$K^-d\rightarrow \pi\Sigma n$ reactions and structure of the $\Lambda(1405)$

TL;DR

This study performs a comprehensive three-body calculation of the $K^-d ightarrow \pi\Sigma n$ reaction to analyze how the $\Lambda(1405)$ resonance appears in neutron energy distributions, revealing model-dependent sensitivities.

Contribution

It introduces a full three-body calculation using coupled-channels AGS equations with two different meson-baryon interaction models to study the $\Lambda(1405)$ resonance.

Findings

Neutron energy spectrum depends strongly on the interaction model used.

Accurate $\pi\Sigma$ mass distribution measurements can distinguish formation mechanisms of $\Lambda(1405)$.

The resonance's manifestation varies with off-shell properties of the interaction models.

Abstract

We report on the first results of a full three-body calculation of the $\bar{K}NN$-$\pi YN$ amplitude for the $K^-d\rightarrow\pi\Sigma n$ reaction, and examine how the $\Lambda(1405)$ resonance manifests itself in the neutron energy distributions of $K^-d\rightarrow\pi\Sigma n$ reactions. The amplitudes are computed using the $\bar{K}NN$-$\pi YN$ coupled-channels Alt-Grassberger-Sandhas (AGS) equations. Two types of models are considered for the two-body meson-baryon interactions: an energy-independent interaction and an energy-dependent one, both derived from the leading order chiral SU(3) Lagrangian. These two models have different off-shell properties that cause correspondingly different behaviors in the three-body system.

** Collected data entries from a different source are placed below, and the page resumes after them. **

definition outer_dominates :: "nat \<Rightarrow> nat \<Rightarrow> bool" where
  "outer_dominates s q \<longleftrightarrow> A (a q) (a s) \<and> A (c q) (a s) \<and> A (a q) (c s) \<and> A (c q) (c s)"

definition middle_dominates :: "nat \<Rightarrow> nat \<Rightarrow> bool" where
  "middle_dominates s q \<longleftrightarrow> A (b q) (a s) \<and> A (b q) (c s)"

lemma dominates_succ:
  assumes s: "s < k" and i: "i < k" "succ i \<noteq> s"
  shows "forward_link i \<Longrightarrow> outer_dominates s i \<Longrightarrow> middle_dominates s (succ i)"
    and "forward_link i \<Longrightarrow> middle_dominates s i \<Longrightarrow> outer_dominates s (succ i)"
    and "backward_link i \<Longrightarrow> outer_dominates s i \<Longrightarrow> outer_dominates s (succ i)"
    and "backward_link i \<Longrightarrow> middle_dominates s i \<Longrightarrow> middle_dominates s (succ i)"
proof -
  note across = far_arc_across[OF _ _ _ _ succ_less s i(2)]
  have "A y w" if "far A x y" "A x w" "y \<in> {a (succ i), b (succ i), c (succ i)}" "w \<in> {a s, c s}" for x y w
    using across[OF that(1,2)] that(3,4) unfolding component_def by blast
  then show "forward_link i \<Longrightarrow> outer_dominates s i \<Longrightarrow> middle_dominates s (succ i)"
    and "forward_link i \<Longrightarrow> middle_dominates s i \<Longrightarrow> outer_dominates s (succ i)"
    and "backward_link i \<Longrightarrow> outer_dominates s i \<Longrightarrow> outer_dominates s (succ i)"
    and "backward_link i \<Longrightarrow> middle_dominates s i \<Longrightarrow> middle_dominates s (succ i)"
    unfolding forward_link_def backward_link_def outer_dominates_def middle_dominates_def Let_def
    by blast+
qed

lemma dominates_cases:
  assumes "s < k" "q < k" "q \<noteq> s"
  shows "outer_dominates s q \<or> middle_dominates s q"
  using assms
proof (induction q rule: cycle_induct)
  case base
  show ?case using link_cases[OF assms(1)]
    unfolding forward_link_def backward_link_def outer_dominates_def middle_dominates_def Let_def by auto
next
  case (step i)
  then show ?case using link_cases[of i] dominates_succ[OF assms(1) step(1,3)] by blast
qed

lemma dominated_cases:
  assumes s: "s < k" and w: "w \<in> {a s, c s}" and "q < k" "q \<noteq> s"
  shows "(A w (a q) \<and> A w (c q)) \<or> A w (b q)"
  using assms(1,3,4)
proof (induction q rule: cycle_induct_backward)
  case (base i)
  then show ?case using link_cases w
    unfolding forward_link_def backward_link_def Let_def by auto
next
  case (step i)
  have "A w x" if "far A x y" "A w y" "x \<in> {a i, b i, c i}" for x y
  proof (rule far_arc_across_backward[OF that(1,2)])
    show "x \<in> component i" "w \<in> component s" using that(3) w unfolding component_def by auto
  qed (use step.hyps s in auto)
  then show ?case using link_cases[OF step(1)] step(4)
    unfolding forward_link_def backward_link_def Let_def by blast
qed

lemma arcs_to_component:
  assumes "s < k" "w \<in> {a s, c s}" "q < k" "q \<noteq> s"
  shows "(outer_dominates s q \<and> A w (b q)) \<or> (middle_dominates s q \<and> A w (a q) \<and> A w (c q))"
  using dominates_cases[OF assms(1,3,4)] dominated_cases[OF assms] assms(2) asym
  unfolding outer_dominates_def middle_dominates_def by blast

definition beats :: "nat \<Rightarrow> nat \<Rightarrow> bool" where
  "beats s q \<longleftrightarrow> A (a s) (a q)"

lemma middle_dominates_iff_beats:
  assumes "s < k" "q < k" "q \<noteq> s"
  shows "middle_dominates s q \<longleftrightarrow> beats s q" "outer_dominates s q \<longleftrightarrow> \<not> beats s q"
  using arcs_to_component[OF assms(1) _ assms(2,3), of "a s"] asym
  unfolding beats_def outer_dominates_def middle_dominates_def by blast+

lemma arcs_to_component_beats:
  assumes "s < k" "w \<in> {a s, c s}" "q < k" "q \<noteq> s"
  shows "beats s q \<Longrightarrow> A (b q) w \<and> A w (a q) \<and> A w (c q)"
    and "\<not> beats s q \<Longrightarrow> A (a q) w \<and> A (c q) w \<and> A w (b q)"
  using arcs_to_component[OF assms] middle_dominates_iff_beats[OF assms(1,3,4)] assms(2)
  unfolding outer_dominates_def middle_dominates_def by blast+

lemma beats_succ:
  assumes s: "s < k" and i: "i < k" "i \<noteq> s" "succ i \<noteq> s"
  shows "forward_link i \<Longrightarrow> beats s (succ i) \<longleftrightarrow> \<not> beats s i"
    and "backward_link i \<Longrightarrow> beats s (succ i) \<longleftrightarrow> beats s i"
  using dominates_succ[OF s i(1,3)] middle_dominates_iff_beats[OF s i(1,2)]
    middle_dominates_iff_beats[OF s succ_less i(3)] by blast+

lemma beats_succ_self: "s < k \<Longrightarrow> beats s (succ s) \<longleftrightarrow> forward_link s"
  using link_cases asym unfolding beats_def forward_link_def backward_link_def Let_def by blast

lemma component_subset_K: "i < k \<Longrightarrow> component i \<subseteq> K"
  unfolding K_eq_UN_component by blast

lemma card_eq_sum_component: "X \<subseteq> K \<Longrightarrow> card X = (\<Sum>i<k. card (X \<inter> component i))"
proof -
  assume "X \<subseteq> K"
  then have "X = (\<Union>i<k. X \<inter> component i)" unfolding K_eq_UN_component by blast
  moreover have "card (\<Union>i<k. X \<inter> component i) = (\<Sum>i<k. card (X \<inter> component i))"
    by (rule card_UN_disjoint) (auto simp: component_def dest: component_disjoint)
  ultimately show ?thesis by simp
qed

context
  fixes s w
  assumes s: "s < k" and w: "w \<in> {a s, c s}" and w_sink: "\<forall>x\<in>component s. \<not> A w x"
begin

lemma card_outN_component_le:
  assumes q: "q < k"
  shows "card (outN K A w \<inter> component q) \<le> (if q = s then 0 else if beats s q then 2 else 1)"
proof (cases "q = s")
  case True
  then have "outN K A w \<inter> component q = {}" using w_sink unfolding outN_def by auto
  then show ?thesis using True by simp
next
  case q_ne: False
  show ?thesis
  proof (cases "beats s q")
    case True
    then have "outN K A w \<inter> component q \<subseteq> {a q, c q}"
      using arcs_to_component_beats(1)[OF s w q q_ne] asym unfolding outN_def component_def by auto
    then have "card (outN K A w \<inter> component q) \<le> card {a q, c q}" by (rule card_mono[rotated]) simp
    also have "\<dots> \<le> 2" by (simp add: card_insert_if)
    finally show ?thesis using True q_ne by simp
  next
    case False
    then have "outN K A w \<inter> component q \<subseteq> {b q}"
      using arcs_to_component_beats(2)[OF s w q q_ne] asym unfolding outN_def component_def by auto
    then have "card (outN K A w \<inter> component q) \<le> card {b q}" by (rule card_mono[rotated]) simp
    then show ?thesis using False q_ne by simp
  qed
qed

lemma secN_component_I:
  assumes "p < k" "q < k" "q \<noteq> s" "u \<in> component p" "y \<in> component q" "A w u" "A u y" "\<not> A w y"
  shows "y \<in> secN K A w"
proof (rule secN_I)
  show "y \<in> K" "u \<in> K" using component_subset_K assms(1,2,4,5) by blast+
  have "w \<in> component s" using w unfolding component_def by auto
  then show "y \<noteq> w" using component_disjoint[OF assms(2) s assms(3)] assms(5) by blast
qed (use assms in auto)

lemma middle_in_secN: "b s \<in> secN K A w"
proof -
  have "(A w (a (succ s)) \<and> A (a (succ s)) (b s)) \<or> (A w (b (succ s)) \<and> A (b (succ s)) (b s))"
    using link_cases[OF s] w unfolding forward_link_def backward_link_def Let_def by auto
  moreover have "b s \<in> K" "a (succ s) \<in> K" "b (succ s) \<in> K" using in_K[OF s] in_K[OF succ_less] by auto
  moreover have "b s \<noteq> w" using component_facts[OF s] w by auto
  moreover have "\<not> A w (b s)" using w_sink in_component by blast
  ultimately show ?thesis using secN_I by metis
qed

lemma secN_component_beaten:
  assumes q: "q < k" "q \<noteq> s" "q \<noteq> succ s"
  shows "beats s q \<Longrightarrow> b q \<in> secN K A w"
    and "\<not> beats s q \<Longrightarrow> a q \<in> secN K A w \<and> c q \<in> secN K A w"
proof -
  obtain p where p: "p < k" "succ p = q" using succ_surj[OF q(1)] .
  have p_ne: "p \<noteq> s" "succ p \<noteq> s" using p(2) q(2,3) by auto
  note arcs_p = arcs_to_component_beats[OF s w p(1) p_ne(1)]
  note arcs_q = arcs_to_component_beats[OF s w q(1,2)]
  note link = link_cases[OF p(1)] beats_succ[OF s p(1) p_ne]
  note sec = secN_component_I[OF p(1) q(1,2) _ _ _ _ asym]
  have in_pq: "a p \<in> component p" "b p \<in> component p" "a q \<in> component q" "b q \<in> component q" "c q \<in> component q"
    using in_component by auto
  show "beats s q \<Longrightarrow> b q \<in> secN K A w"
    using link arcs_p arcs_q sec in_pq p(2)
    unfolding forward_link_def backward_link_def Let_def by metis
  show "\<not> beats s q \<Longrightarrow> a q \<in> secN K A w \<and> c q \<in> secN K A w"
    using link arcs_p arcs_q sec in_pq p(2)
    unfolding forward_link_def backward_link_def Let_def by metis
qed

lemma card_secN_component_ge:
  assumes q: "q < k"
  shows "(if q = s then 1 else if q = succ s then 0 else if beats s q then 1 else 2) \<le> card (secN K A w \<inter> component q)"
proof -
  have fin: "finite (secN K A w \<inter> component q)" unfolding component_def by simp
  consider "q = s" | "q \<noteq> s" "q = succ s" | "q \<noteq> s" "q \<noteq> succ s" "beats s q"
    | "q \<noteq> s" "q \<noteq> succ s" "\<not> beats s q" by blast
  then show ?thesis
  proof cases
    case 1
    then have "b s \<in> secN K A w \<inter> component q" using middle_in_secN in_component by auto
    then have "1 \<le> card (secN K A w \<inter> component q)" using fin by (auto simp: Suc_le_eq card_gt_0_iff)
    then show ?thesis using 1 by simp
  next
    case 3
    then have "b q \<in> secN K A w \<inter> component q" using secN_component_beaten(1)[OF q] in_component by auto
    then have "1 \<le> card (secN K A w \<inter> component q)" using fin by (auto simp: Suc_le_eq card_gt_0_iff)
    then show ?thesis using 3 by simp
  next
    case 4
    then have "{a q, c q} \<subseteq> secN K A w \<inter> component q" using secN_component_beaten(2)[OF q] in_component by auto
    moreover have "card {a q, c q} = 2" using component_facts[OF q] by simp
    ultimately have "2 \<le> card (secN K A w \<inter> component q)" using card_mono[OF fin] by metis
    then show ?thesis using 4 by simp
  qed simp
qed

As a remarkable result of this investigation, it is found that the neutron energy spectrum, reflecting the $\Lambda(1405)$ mass distribution and width, depends quite sensitively on the (energy-dependent or energy-independent) model used. Hence accurate measurements of the $\pi\Sigma$ mass distribution have the potential to discriminate between possible mechanisms at work in the formation of the $\Lambda(1405)$.